- [PROBLEM TO WORK ON] Pull every line holding the word "that" from the data below and copy it.

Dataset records
######
lemma abs_le_dual_norm:
  assumes bounded: "\<And>W. \<bar>l W\<bar> \<le> C * gnorm dh W" and "W \<noteq> 0"
  shows "\<bar>l W\<bar> \<le> dual_norm dh l * gnorm dh W"
proof -
  have "\<bar>l V\<bar> / gnorm dh V \<le> C" if "V \<noteq> 0" for V
    using bounded[of V] gnorm_pos[OF that] by (simp add: pos_divide_le_eq)
  then have "bdd_above ((\<lambda>W. \<bar>l W\<bar> / gnorm dh W) ` (UNIV - {0}))"
    by (intro bdd_aboveI2[where M = C]) auto
  then have "\<bar>l W\<bar> / gnorm dh W \<le> dual_norm dh l"
    unfolding dual_norm_def using \<open>W \<noteq> 0\<close> by (intro cSUP_upper) auto
  then show ?thesis using gnorm_pos[OF \<open>W \<noteq> 0\<close>] by (simp add: divide_le_eq mult.commute)
qed

lemma dual_norm_nonneg:
  fixes l :: "'a::euclidean_space \<Rightarrow> real"
  assumes "\<And>W. \<bar>l W\<bar> \<le> C * gnorm dh W"
  shows "0 \<le> dual_norm dh l"
proof -
  obtain V :: 'a where "V \<noteq> 0"
    using nonzero_Basis nonempty_Basis by blast
  then show ?thesis
    using abs_le_dual_norm[OF assms] gnorm_pos[OF \<open>V \<noteq> 0\<close>] by (smt (verit) zero_le_mult_iff)
qed

lemma abs_Jop_functional_le:
  assumes lin: "linear f0" "linear f1" "linear f2"
    and bounded: "\<And>W. \<bar>l W\<bar> \<le> C * gnorm (dtot f0 f1 f2) W"
  shows "\<bar>l (Jop W) - inner r W\<bar> \<le> (dual_norm (dtot f0 f1 f2) l + norm r) * gnorm (dtot f0 f1 f2) W"
proof -
  let ?g = "gnorm (dtot f0 f1 f2)"
  have "\<bar>l (Jop W)\<bar> \<le> dual_norm (dtot f0 f1 f2) l * ?g W"
  proof (cases "W = 0")
    case True
    then show ?thesis using bounded[of 0] lin by (simp add: gnorm_def linear_0[OF linear_dtot])
  next
    case False
    then show ?thesis using abs_le_dual_norm[OF bounded, of "Jop W"] by (simp add: gnorm_Jop[OF lin])
  qed
  moreover have "\<bar>inner r W\<bar> \<le> norm r * ?g W"
    using Cauchy_Schwarz_ineq2[of r W] by (smt (verit) gnorm_def mult_left_mono norm_ge_zero)
  ultimately show ?thesis by (simp add: algebra_simps)
qed

lemma gnorm_le_of_inf_sup:
  fixes dh :: "'a::real_normed_vector \<Rightarrow> 'a" and L :: "'a \<Rightarrow> 'a \<Rightarrow> real"
  assumes "linear dh" "0 < CL" "0 \<le> B" "V \<in> K"
    and inf_sup: "\<forall>V\<in>K. (SUP W \<in> K - {0}. L V W / gnorm dh W) \<ge> CL * gnorm dh V"
    and bound: "\<And>W. W \<in> K - {0} \<Longrightarrow> L V W \<le> B * gnorm dh W"
  shows "gnorm dh V \<le> (1 / CL) * B"
proof (cases "V = 0")
  case True
  then show ?thesis using assms(1-3) by (simp add: gnorm_def linear_0)
next
  case False
  with \<open>V \<in> K\<close> have "K - {0} \<noteq> {}" by blast
  moreover have "L V W / gnorm dh W \<le> B" if "W \<in> K - {0}" for W
    using bound[OF that] gnorm_pos[of W dh] that by (simp add: pos_divide_le_eq)
  ultimately have "(SUP W \<in> K - {0}. L V W / gnorm dh W) \<le> B"
    by (rule cSUP_least)
  with inf_sup \<open>V \<in> K\<close> \<open>0 < CL\<close> show ?thesis by (force simp: field_simps)
qed

lemma Lh_projected_error:
  fixes dh0 :: "'h0::euclidean_space \<Rightarrow> 'h1::euclidean_space"
    and dh1 :: "'h1 \<Rightarrow> 'h2::euclidean_space" and dh2 :: "'h2 \<Rightarrow> 'h3::euclidean_space"
  defines "dh \<equiv> dtot dh0 dh1 dh2"
    and "harmh \<equiv> {V. dtot dh0 dh1 dh2 V = 0 \<and> adjoint (dtot dh0 dh1 dh2) V = 0}"
  assumes lin_dh: "linear dh0" "linear dh1" "linear dh2"
    and Uhat_eq: "\<forall>V. Lh dh (Uhat - oproj harmh Uhat) V = inner (F - oproj harmh F) V"
    and W: "W \<in> ocompl harmh"
  shows "Lh dh ((X - Uhat) - oproj harmh (X - Uhat)) W = Lh dh X W - inner F W"
proof -
  let ?P = "oproj harmh"
  have harm: "subspace harmh"
    unfolding harmh_def by (rule subspace_harmonic[OF linear_dtot[OF lin_dh]])
  have lin: "linear dh" unfolding dh_def by (rule linear_dtot[OF lin_dh])
  have Lh_harm: "Lh dh Z W = 0" if "Z \<in> harmh" for Z
    using that unfolding dh_def harmh_def by (simp add: Lh_harmonic_left[OF lin_dh])
  have "(X - Uhat) - ?P (X - Uhat) = (X - (Uhat - ?P Uhat)) - (?P (X - Uhat) + ?P Uhat)"
    by simp
  then have "Lh dh ((X - Uhat) - ?P (X - Uhat)) W
      = Lh dh (X - (Uhat - ?P Uhat)) W - Lh dh (?P (X - Uhat) + ?P Uhat) W"
    by (simp only: Lh_diff_left[OF lin])
  also have "\<dots> = Lh dh X W - Lh dh (Uhat - ?P Uhat) W"
    using Lh_harm[OF subspace_add[OF harm oproj_in[OF harm] oproj_in[OF harm]]]
    by (simp only: Lh_diff_left[OF lin] diff_zero)
  also have "Lh dh (Uhat - ?P Uhat) W = inner F W"
  proof -
    have "inner W (?P F) = 0"
      using W oproj_in[OF harm, of F] unfolding ocompl_def by blast
    then have "inner (?P F) W = 0" by (simp add: inner_commute)
    then show ?thesis using Uhat_eq[rule_format, of W] by (simp add: inner_diff_left)
  qed
  finally show ?thesis .
qed

lemma Lh_projected_error_le:
  fixes dh0 :: "'h0::euclidean_space \<Rightarrow> 'h1::euclidean_space"
    and dh1 :: "'h1 \<Rightarrow> 'h2::euclidean_space" and dh2 :: "'h2 \<Rightarrow> 'h3::euclidean_space"
  defines "dh \<equiv> dtot dh0 dh1 dh2"
    and "harmh \<equiv> {V. dtot dh0 dh1 dh2 V = 0 \<and> adjoint (dtot dh0 dh1 dh2) V = 0}"
  assumes lin_dh: "linear dh0" "linear dh1" "linear dh2"
    and Uhat_eq: "\<forall>V. Lh dh (Uhat - oproj harmh Uhat) V = inner (F - oproj harmh F) V"
    and consistency: "\<And>W. Lh dh X W = l (Jop W) + inner G W"
    and bounded: "\<And>W. \<bar>l W\<bar> \<le> C * gnorm dh W"
    and W: "W \<in> ocompl harmh"
  shows "Lh dh ((X - Uhat) - oproj harmh (X - Uhat)) W \<le> (dual_norm dh l + norm (F - G)) * gnorm dh W"
proof -
  have "Lh dh ((X - Uhat) - oproj harmh (X - Uhat)) W = Lh dh X W - inner F W"
    using Lh_projected_error[OF lin_dh Uhat_eq[unfolded dh_def harmh_def] W[unfolded harmh_def]]
    unfolding dh_def harmh_def .
  also have "\<dots> = l (Jop W) - inner (F - G) W"
    by (simp add: consistency inner_diff_left)
  also have "\<dots> \<le> (dual_norm dh l + norm (F - G)) * gnorm dh W"
    unfolding dh_def
    by (rule abs_le_D1[OF abs_Jop_functional_le[OF lin_dh bounded[unfolded dh_def]]])
  finally show ?thesis .
qed

theorem lemma4p13:
  fixes d0 :: "'x0::{real_inner,complete_space} \<Rightarrow> 'x1::{real_inner,complete_space}"
    and d1 :: "'x1 \<Rightarrow> 'x2::{real_inner,complete_space}"
    and d2 :: "'x2 \<Rightarrow> 'x3::{real_inner,complete_space}"
    and D0 :: "'x0 set" and D1 :: "'x1 set" and D2 :: "'x2 set"
    and dh0 :: "'h0::euclidean_space \<Rightarrow> 'h1::euclidean_space"
    and dh1 :: "'h1 \<Rightarrow> 'h2::euclidean_space"
    and dh2 :: "'h2 \<Rightarrow> 'h3::euclidean_space"
    and I0 :: "'x0 \<Rightarrow> 'h0" and I1 :: "'x1 \<Rightarrow> 'h1" and I2 :: "'x2 \<Rightarrow> 'h2" and I3 :: "'x3 \<Rightarrow> 'h3"
    and Dom0 :: "'x0 set" and Dom1 :: "'x1 set" and Dom2 :: "'x2 set" and Dom3 :: "'x3 set"
    and U :: "real \<Rightarrow> 'x0 \<times> 'x1 \<times> 'x2 \<times> 'x3"
    and T :: real and N :: nat and t :: "nat \<Rightarrow> real"
    and TN :: "(nat \<Rightarrow> 'x0 \<times> 'x1 \<times> 'x2 \<times> 'x3) \<Rightarrow> 'x0 \<times> 'x1 \<times> 'x2 \<times> 'x3"
    and Uhat :: "'h0 \<times> 'h1 \<times> 'h2 \<times> 'h3"
    and CL :: real
  defines "d \<equiv> dtot d0 d1 d2"
      and "DD \<equiv> D0 \<times> D1 \<times> D2 \<times> (UNIV :: 'x3 set)"
      and "dstar \<equiv> adj (D0 \<times> D1 \<times> D2 \<times> (UNIV :: 'x3 set)) (dtot d0 d1 d2)"
      and "harmC \<equiv> {u \<in> D0 \<times> D1 \<times> D2 \<times> (UNIV :: 'x3 set).
                      u \<in> adj_dom (D0 \<times> D1 \<times> D2 \<times> (UNIV :: 'x3 set)) (dtot d0 d1 d2)
                      \<and> dtot d0 d1 d2 u = 0
                      \<and> adj (D0 \<times> D1 \<times> D2 \<times> (UNIV :: 'x3 set)) (dtot d0 d1 d2) u = 0}"
      and "dh \<equiv> dtot dh0 dh1 dh2"
      and "harmh \<equiv> {V. dtot dh0 dh1 dh2 V = 0 \<and> adjoint (dtot dh0 dh1 dh2) V = 0}"
      and "Ih \<equiv> diag4 I0 I1 I2 I3"
      and "Domh \<equiv> Dom0 \<times> Dom1 \<times> Dom2 \<times> Dom3"
      and "dtU \<equiv> (\<lambda>s. vector_derivative U (at s within {0..T}))"
      and "TNU \<equiv> TN (\<lambda>m. U (t m))"
  \<comment> \<open>continuous Hilbert complex (natural domains, densely defined, closed, d o d = 0)\<close>
  assumes lin_d0: "lin_on D0 d0" and lin_d1: "lin_on D1 d1" and lin_d2: "lin_on D2 d2"
    and dense_D0: "closure D0 = UNIV" and dense_D1: "closure D1 = UNIV" and dense_D2: "closure D2 = UNIV"
    and closed_d0: "closed_op D0 d0" and closed_d1: "closed_op D1 d1" and closed_d2: "closed_op D2 d2"
    and cplx_01: "\<forall>u\<in>D0. d0 u \<in> D1 \<and> d1 (d0 u) = 0"
    and cplx_12: "\<forall>u\<in>D1. d1 u \<in> D2 \<and> d2 (d1 u) = 0"
  \<comment> \<open>discrete complex\<close>
    and lin_dh0: "linear dh0" and lin_dh1: "linear dh1" and lin_dh2: "linear dh2"
    and dh_cplx01: "\<forall>v. dh1 (dh0 v) = 0" and dh_cplx12: "\<forall>v. dh2 (dh1 v) = 0"
  \<comment> \<open>interpolators, linear on their domains, with the cochain property\<close>
    and lin_I0: "lin_on Dom0 I0" and lin_I1: "lin_on Dom1 I1"
    and lin_I2: "lin_on Dom2 I2" and lin_I3: "lin_on Dom3 I3"
    and cochain0: "\<forall>u\<in>Dom0 \<inter> D0. d0 u \<in> Dom1 \<and> dh0 (I0 u) = I1 (d0 u)"
    and cochain1: "\<forall>u\<in>Dom1 \<inter> D1. d1 u \<in> Dom2 \<and> dh1 (I1 u) = I2 (d1 u)"
    and cochain2: "\<forall>u\<in>Dom2 \<inter> D2. d2 u \<in> Dom3 \<and> dh2 (I2 u) = I3 (d2 u)"
  \<comment> \<open>time grid and the linear map T^N on sequences indexed by 0..N\<close>
    and T_pos: "0 < T" and t0: "t 0 = 0" and t_mono: "\<forall>m<N. t m < t (Suc m)" and tN: "t N = T"
    and TN_add: "\<forall>v w. TN (\<lambda>m. v m + w m) = TN v + TN w"
    and TN_scale: "\<forall>c v. TN (\<lambda>m. c *\<^sub>R v m) = c *\<^sub>R TN v"
    and TN_loc: "\<forall>v w. (\<forall>m\<le>N. v m = w m) \<longrightarrow> TN v = TN w"
  \<comment> \<open>U in C^1([0,T];X) solving the continuous problem\<close>
    and U_diff: "\<forall>s\<in>{0..T}. U differentiable (at s within {0..T})"
    and U_C1: "continuous_on {0..T} dtU"
    and U_dom: "\<forall>s\<in>{0..T}. U s \<in> DD \<and> U s \<in> adj_dom DD d"
    and U_eq: "\<forall>s\<in>{0..T}. dtU s = Jop (d (U s) + dstar (U s))"
  \<comment> \<open>all interpolants appearing are defined\<close>
    and def_U: "U T \<in> Domh" and def_dstarU: "dstar (U T) \<in> Domh"
    and def_TNU: "TNU \<in> Domh" and def_eps: "TNU - dtU (t N) \<in> Domh"
    and def_PU: "oproj harmC (U (t N)) \<in> Domh"
  \<comment> \<open>the discrete solution\<close>
    and Uhat_eq: "\<forall>V. Lh dh (Uhat - oproj harmh Uhat) V
                      = inner (Ih TNU - oproj harmh (Ih TNU)) V"
    and Uhat_harm: "oproj harmh Uhat = Ih (oproj harmC (U (t N)))"
  \<comment> \<open>inf-sup constant\<close>
    and CL_pos: "0 < CL"
    and inf_sup: "\<forall>V\<in>ocompl harmh.
        (SUP W \<in> ocompl harmh - {0}. Lh dh V W / gnorm dh W) \<ge> CL * gnorm dh V"
  shows "gnorm dh ((Ih (U T) - Uhat) - oproj harmh (Ih (U T) - Uhat))
         \<le> (1 / CL) * (dual_norm dh (\<lambda>W. inner (Ih (U T)) (dh W) - inner (Ih (dstar (U T))) W)
                        + norm (Ih (TNU - dtU (t N))))"
proof -
  have dh_def: "dh = dtot dh0 dh1 dh2" and harmh_def: "harmh = {V. dh V = 0 \<and> adjoint dh V = 0}"
    and Ih_def: "Ih = diag4 I0 I1 I2 I3" and Domh_def: "Domh = Dom0 \<times> Dom1 \<times> Dom2 \<times> Dom3"
    by (simp_all add: \<open>dh \<equiv> _\<close> \<open>harmh \<equiv> _\<close> \<open>Ih \<equiv> _\<close> \<open>Domh \<equiv> _\<close>)
  let ?eps = "\<lambda>W. inner (Ih (U T)) (dh W) - inner (Ih (dstar (U T))) W"
  let ?E = "(Ih (U T) - Uhat) - oproj harmh (Ih (U T) - Uhat)"
  have lin_dh: "linear dh" unfolding dh_def by (rule linear_dtot[OF lin_dh0 lin_dh1 lin_dh2])
  have harm: "subspace harmh"
    unfolding harmh_def dh_def by (rule subspace_harmonic[OF linear_dtot[OF lin_dh0 lin_dh1 lin_dh2]])
  have lin_Ih: "lin_on Domh Ih"
    unfolding Ih_def Domh_def by (rule lin_on_diag4[OF lin_I0 lin_I1 lin_I2 lin_I3])
  have UT: "U T \<in> DD" "dtU (t N) = Jop (d (U T) + dstar (U T))"
    using U_dom U_eq T_pos tN by auto
  have "dtU (t N) = TNU - (TNU - dtU (t N))" by simp
  then have "dtU (t N) \<in> Domh"
    using def_TNU def_eps lin_on_subspace[OF lin_Ih] by (metis subspace_diff)
  then have residual: "Ih (TNU - dtU (t N)) = Ih TNU - Ih (dtU (t N))"
    by (rule lin_on_diff[OF lin_Ih def_TNU])
  have consistency: "Lh dh (Ih (U T)) W = ?eps (Jop W) + inner (Ih (dtU (t N))) W" for W
    unfolding UT(2) d_def dh_def Ih_def
    by (rule Lh_interpolant[OF lin_dh0 lin_dh1 lin_dh2 lin_I0 lin_I1 lin_I2 lin_I3
          cochain0 cochain1 cochain2 UT(1)[unfolded DD_def] def_U[unfolded Domh_def]
          def_dstarU[unfolded Domh_def]])
  have "Lh dh ?E W \<le> (dual_norm dh ?eps + norm (Ih (TNU - dtU (t N)))) * gnorm dh W"
    if "W \<in> ocompl harmh - {0}" for W
    using Lh_projected_error_le[OF lin_dh0 lin_dh1 lin_dh2, folded dh_def, folded harmh_def,
        OF Uhat_eq consistency abs_inner_functional_le_gnorm] that
    unfolding residual by blast
  moreover have "0 \<le> dual_norm dh ?eps"
    by (rule dual_norm_nonneg[OF abs_inner_functional_le_gnorm])
  ultimately show ?thesis
    using gnorm_le_of_inf_sup[OF lin_dh CL_pos _ oproj_residual_in_ocompl[OF harm] inf_sup]
    by simp
qed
######
- [EXERCISE RESULT]
    using bounded[of V] gnorm_pos[OF that] by (simp add: pos_divide_le_eq)
    using bound[OF that] gnorm_pos[of W dh] that by (simp add: pos_divide_le_eq)
    using that unfolding dh_def harmh_def by (simp add: Lh_harmonic_left[OF lin_dh])
        OF Uhat_eq consistency abs_inner_functional_le_gnorm] that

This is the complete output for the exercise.